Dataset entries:
((

lemma link_strongly_mono:
  assumes "is_graph G" and arr: "arrows G (complete (Suc k)) r"
    and c: "\<forall>e\<in>edges (delete_vertex G v). c e < r"
    and no_mono: "\<not> mono_copy r (complete (Suc k)) (delete_vertex G v) c"
    and cv: "\<forall>u\<in>neighbours G v. cv u < r"
  shows "strongly_mono_clique r (neighbours G v) (link_pattern G v c) cv k"
proof -
  obtain i f where i: "i < r" and f: "embeds f (complete (Suc k)) G"
    and mono: "\<forall>e\<in>edges (complete (Suc k)). extend_colouring v cv c (f ` e) = i"
    using arr extend_colouring_bounded[OF assms(1) c cv]
    by (auto simp: arrows_mono_copy mono_copy_def)
  have "v \<in> f ` {0..<Suc k}"
  proof (rule ccontr)
    assume v: "v \<notin> f ` {0..<Suc k}"
    from f v is_graph_complete have "embeds f (complete (Suc k)) (delete_vertex G v)"
      by (intro embeds_delete_vertex) (auto simp: complete_def)
    moreover have "\<forall>e\<in>edges (complete (Suc k)). c (f ` e) = i"
    proof
      fix e assume e: "e \<in> edges (complete (Suc k))"
      then have "v \<notin> f ` e" using v by (auto simp: complete_def)
      then show "c (f ` e) = i" using mono e by (auto simp: extend_colouring_def)
    qed
    ultimately show False using no_mono i by (auto simp: mono_copy_def)
  qed
  then obtain j where "j < Suc k" "f j = v" by auto
  then show ?thesis
    using clique_through_vertex_strongly_mono[OF assms(1) i f _ _ mono] by blast
qed

lemma P_r_le_card:
  assumes "finite V" "colour_pattern r V Gs" "pattern_free r V Gs (complete (k + 1))"
    and "\<forall>c. (\<forall>v\<in>V. c v < r) \<longrightarrow> strongly_mono_clique r V Gs c k"
  shows "P_r r k \<le> enat (card (V :: nat set))"
  unfolding P_r_def using assms by (intro INF_lower) blast

lemma P_r_le_min_degree:
  fixes G :: "nat graph"
  assumes "r \<ge> 1" and rm: "ramsey_minimal r (complete (Suc k)) G"
  shows "P_r r k \<le> enat (min_degree G)"
proof -
  have G: "is_graph G" and arr: "arrows G (complete (Suc k)) r"
    using rm by (auto simp: ramsey_minimal_def)
  have "verts G \<noteq> {}"
    using arrows_verts_nonempty[OF arr assms(1)] by (simp add: complete_def)
  then have "min_degree G \<in> degree G ` verts G"
    using G by (simp add: min_degree_def is_graph_def)
  then obtain v where v: "v \<in> verts G" and deg: "degree G v = min_degree G" by auto
  obtain c where c: "\<forall>e\<in>edges (delete_vertex G v). c e < r"
    and no_mono: "\<not> mono_copy r (complete (Suc k)) (delete_vertex G v) c"
    using ramsey_minimal_delete_vertex[OF rm v] by (auto simp: arrows_mono_copy)
  have "P_r r k \<le> enat (card (neighbours G v))"
  proof (intro P_r_le_card)
    show "finite (neighbours G v)"
      using finite_subset[OF neighbours_subset_verts[OF G]] G by (simp add: is_graph_def)
  qed (use link_colour_pattern[OF G] link_pattern_free[OF G is_graph_complete no_mono]
        link_strongly_mono[OF G arr c no_mono] in auto)
  then show ?thesis using card_neighbours[OF G] deg by simp
qed

theorem lemma2p1:
  fixes r k :: nat
  assumes "r \<ge> 1" and "k \<ge> 1"
  shows "s_r r (complete (k + 1)) \<ge> P_r r k"
  unfolding s_r_def using P_r_le_min_degree[OF assms(1)] by (auto intro: INF_greatest)

end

))

What you should do
Locate the word "then" in the entries, and copy every line where it is found.

Response area
      then have "v \<notin> f ` e" using v by (auto simp: complete_def)
      then show "c (f ` e) = i" using mono e by (auto simp: extend_colouring_def)
  then obtain j where "j < Suc k" "f j = v" by auto
  then show ?thesis
  then have "min_degree G \<in> degree G ` verts G"
  then obtain v where v: "v \<in> verts G" and deg: "degree G v = min_degree G" by auto
  then show ?thesis using card_neighbours[OF G] deg by simp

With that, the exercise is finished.